Your assignment
When you reach the records, transcribe each one exactly.

Source records
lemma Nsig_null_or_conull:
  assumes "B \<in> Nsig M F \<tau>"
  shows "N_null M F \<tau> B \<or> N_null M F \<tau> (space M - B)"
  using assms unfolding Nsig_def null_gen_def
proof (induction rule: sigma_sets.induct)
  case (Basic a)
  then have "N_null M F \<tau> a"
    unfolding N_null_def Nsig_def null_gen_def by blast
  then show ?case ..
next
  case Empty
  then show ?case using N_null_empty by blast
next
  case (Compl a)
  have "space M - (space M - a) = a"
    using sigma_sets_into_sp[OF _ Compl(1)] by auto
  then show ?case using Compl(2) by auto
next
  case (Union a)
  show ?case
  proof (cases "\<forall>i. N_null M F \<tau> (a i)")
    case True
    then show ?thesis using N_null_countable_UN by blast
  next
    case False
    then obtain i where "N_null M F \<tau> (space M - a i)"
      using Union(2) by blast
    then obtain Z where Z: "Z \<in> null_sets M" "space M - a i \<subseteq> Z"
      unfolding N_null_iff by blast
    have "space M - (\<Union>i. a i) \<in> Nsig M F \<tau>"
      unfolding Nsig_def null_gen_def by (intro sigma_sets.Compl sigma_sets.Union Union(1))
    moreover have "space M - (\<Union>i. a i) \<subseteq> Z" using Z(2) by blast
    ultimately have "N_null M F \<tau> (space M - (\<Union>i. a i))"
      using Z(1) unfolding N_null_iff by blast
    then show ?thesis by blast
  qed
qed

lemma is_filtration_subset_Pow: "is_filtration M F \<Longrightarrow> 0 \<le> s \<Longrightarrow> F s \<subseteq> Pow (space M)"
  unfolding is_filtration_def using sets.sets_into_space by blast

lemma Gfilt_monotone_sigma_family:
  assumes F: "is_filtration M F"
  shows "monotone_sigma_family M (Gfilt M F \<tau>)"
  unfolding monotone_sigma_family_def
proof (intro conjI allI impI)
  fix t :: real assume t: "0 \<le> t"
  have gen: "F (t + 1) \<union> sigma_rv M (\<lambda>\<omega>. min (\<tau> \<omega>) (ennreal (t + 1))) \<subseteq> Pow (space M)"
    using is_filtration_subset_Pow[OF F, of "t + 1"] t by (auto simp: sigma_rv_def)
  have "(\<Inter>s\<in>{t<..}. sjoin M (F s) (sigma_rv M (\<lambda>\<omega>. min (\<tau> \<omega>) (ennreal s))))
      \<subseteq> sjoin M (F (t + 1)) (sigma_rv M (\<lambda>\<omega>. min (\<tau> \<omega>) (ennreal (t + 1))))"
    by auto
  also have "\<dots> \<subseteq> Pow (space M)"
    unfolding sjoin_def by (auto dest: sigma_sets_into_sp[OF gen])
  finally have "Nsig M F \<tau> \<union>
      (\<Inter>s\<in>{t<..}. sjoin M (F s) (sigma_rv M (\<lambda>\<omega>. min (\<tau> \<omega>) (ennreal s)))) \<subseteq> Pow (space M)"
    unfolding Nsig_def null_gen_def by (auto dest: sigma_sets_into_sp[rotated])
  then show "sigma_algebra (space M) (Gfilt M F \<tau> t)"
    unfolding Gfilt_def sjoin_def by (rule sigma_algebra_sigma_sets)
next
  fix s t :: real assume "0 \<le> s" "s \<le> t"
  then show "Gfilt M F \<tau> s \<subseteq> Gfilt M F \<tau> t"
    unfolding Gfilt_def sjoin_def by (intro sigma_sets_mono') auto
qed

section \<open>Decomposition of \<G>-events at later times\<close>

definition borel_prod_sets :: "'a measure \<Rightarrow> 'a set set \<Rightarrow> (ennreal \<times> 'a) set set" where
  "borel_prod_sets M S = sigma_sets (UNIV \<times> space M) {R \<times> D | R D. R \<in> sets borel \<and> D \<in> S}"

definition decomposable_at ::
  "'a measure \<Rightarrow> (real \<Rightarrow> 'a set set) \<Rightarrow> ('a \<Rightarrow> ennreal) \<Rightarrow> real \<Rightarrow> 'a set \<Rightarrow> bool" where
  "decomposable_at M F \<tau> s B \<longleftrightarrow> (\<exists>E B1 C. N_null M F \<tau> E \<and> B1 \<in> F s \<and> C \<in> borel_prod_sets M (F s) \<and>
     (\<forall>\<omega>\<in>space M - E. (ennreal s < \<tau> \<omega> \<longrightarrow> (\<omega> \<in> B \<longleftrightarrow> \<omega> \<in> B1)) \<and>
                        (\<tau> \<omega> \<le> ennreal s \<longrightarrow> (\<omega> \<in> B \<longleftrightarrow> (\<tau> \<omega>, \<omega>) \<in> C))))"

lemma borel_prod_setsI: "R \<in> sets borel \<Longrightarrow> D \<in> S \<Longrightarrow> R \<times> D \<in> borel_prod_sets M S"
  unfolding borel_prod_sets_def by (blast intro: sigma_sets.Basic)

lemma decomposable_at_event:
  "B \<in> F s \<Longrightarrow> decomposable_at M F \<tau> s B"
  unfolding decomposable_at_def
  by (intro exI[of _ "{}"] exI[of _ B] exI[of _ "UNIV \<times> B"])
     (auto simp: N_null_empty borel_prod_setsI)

Solution to this task
lemma Nsig_null_or_conull:
  assumes "B \<in> Nsig M F \<tau>"
  shows "N_null M F \<tau> B \<or> N_null M F \<tau> (space M - B)"
  using assms unfolding Nsig_def null_gen_def
proof (induction rule: sigma_sets.induct)
  case (Basic a)
  then have "N_null M F \<tau> a"
    unfolding N_null_def Nsig_def null_gen_def by blast
  then show ?case ..
next
  case Empty
  then show ?case using N_null_empty by blast
next
  case (Compl a)
  have "space M - (space M - a) = a"
    using sigma_sets_into_sp[OF _ Compl(1)] by auto
  then show ?case using Compl(2) by auto
next
  case (Union a)
  show ?case
  proof (cases "\<forall>i. N_null M F \<tau> (a i)")
    case True
    then show ?thesis using N_null_countable_UN by blast
  next
    case False
    then obtain i where "N_null M F \<tau> (space M - a i)"
      using Union(2) by blast
    then obtain Z where Z: "Z \<in> null_sets M" "space M - a i \<subseteq> Z"
      unfolding N_null_iff by blast
    have "space M - (\<Union>i. a i) \<in> Nsig M F \<tau>"
      unfolding Nsig_def null_gen_def by (intro sigma_sets.Compl sigma_sets.Union Union(1))
    moreover have "space M - (\<Union>i. a i) \<subseteq> Z" using Z(2) by blast
    ultimately have "N_null M F \<tau> (space M - (\<Union>i. a i))"
      using Z(1) unfolding N_null_iff by blast
    then show ?thesis by blast
  qed
qed

lemma is_filtration_subset_Pow: "is_filtration M F \<Longrightarrow> 0 \<le> s \<Longrightarrow> F s \<subseteq> Pow (space M)"
  unfolding is_filtration_def using sets.sets_into_space by blast

lemma Gfilt_monotone_sigma_family:
  assumes F: "is_filtration M F"
  shows "monotone_sigma_family M (Gfilt M F \<tau>)"
  unfolding monotone_sigma_family_def
proof (intro conjI allI impI)
  fix t :: real assume t: "0 \<le> t"
  have gen: "F (t + 1) \<union> sigma_rv M (\<lambda>\<omega>. min (\<tau> \<omega>) (ennreal (t + 1))) \<subseteq> Pow (space M)"
    using is_filtration_subset_Pow[OF F, of "t + 1"] t by (auto simp: sigma_rv_def)
  have "(\<Inter>s\<in>{t<..}. sjoin M (F s) (sigma_rv M (\<lambda>\<omega>. min (\<tau> \<omega>) (ennreal s))))
      \<subseteq> sjoin M (F (t + 1)) (sigma_rv M (\<lambda>\<omega>. min (\<tau> \<omega>) (ennreal (t + 1))))"
    by auto
  also have "\<dots> \<subseteq> Pow (space M)"
    unfolding sjoin_def by (auto dest: sigma_sets_into_sp[OF gen])
  finally have "Nsig M F \<tau> \<union>
      (\<Inter>s\<in>{t<..}. sjoin M (F s) (sigma_rv M (\<lambda>\<omega>. min (\<tau> \<omega>) (ennreal s)))) \<subseteq> Pow (space M)"
    unfolding Nsig_def null_gen_def by (auto dest: sigma_sets_into_sp[rotated])
  then show "sigma_algebra (space M) (Gfilt M F \<tau> t)"
    unfolding Gfilt_def sjoin_def by (rule sigma_algebra_sigma_sets)
next
  fix s t :: real assume "0 \<le> s" "s \<le> t"
  then show "Gfilt M F \<tau> s \<subseteq> Gfilt M F \<tau> t"
    unfolding Gfilt_def sjoin_def by (intro sigma_sets_mono') auto
qed

section \<open>Decomposition of \<G>-events at later times\<close>

definition borel_prod_sets :: "'a measure \<Rightarrow> 'a set set \<Rightarrow> (ennreal \<times> 'a) set set" where
  "borel_prod_sets M S = sigma_sets (UNIV \<times> space M) {R \<times> D | R D. R \<in> sets borel \<and> D \<in> S}"

definition decomposable_at ::
  "'a measure \<Rightarrow> (real \<Rightarrow> 'a set set) \<Rightarrow> ('a \<Rightarrow> ennreal) \<Rightarrow> real \<Rightarrow> 'a set \<Rightarrow> bool" where
  "decomposable_at M F \<tau> s B \<longleftrightarrow> (\<exists>E B1 C. N_null M F \<tau> E \<and> B1 \<in> F s \<and> C \<in> borel_prod_sets M (F s) \<and>
     (\<forall>\<omega>\<in>space M - E. (ennreal s < \<tau> \<omega> \<longrightarrow> (\<omega> \<in> B \<longleftrightarrow> \<omega> \<in> B1)) \<and>
                        (\<tau> \<omega> \<le> ennreal s \<longrightarrow> (\<omega> \<in> B \<longleftrightarrow> (\<tau> \<omega>, \<omega>) \<in> C))))"

lemma borel_prod_setsI: "R \<in> sets borel \<Longrightarrow> D \<in> S \<Longrightarrow> R \<times> D \<in> borel_prod_sets M S"
  unfolding borel_prod_sets_def by (blast intro: sigma_sets.Basic)

lemma decomposable_at_event:
  "B \<in> F s \<Longrightarrow> decomposable_at M F \<tau> s B"
  unfolding decomposable_at_def
  by (intro exI[of _ "{}"] exI[of _ B] exI[of _ "UNIV \<times> B"])
     (auto simp: N_null_empty borel_prod_setsI)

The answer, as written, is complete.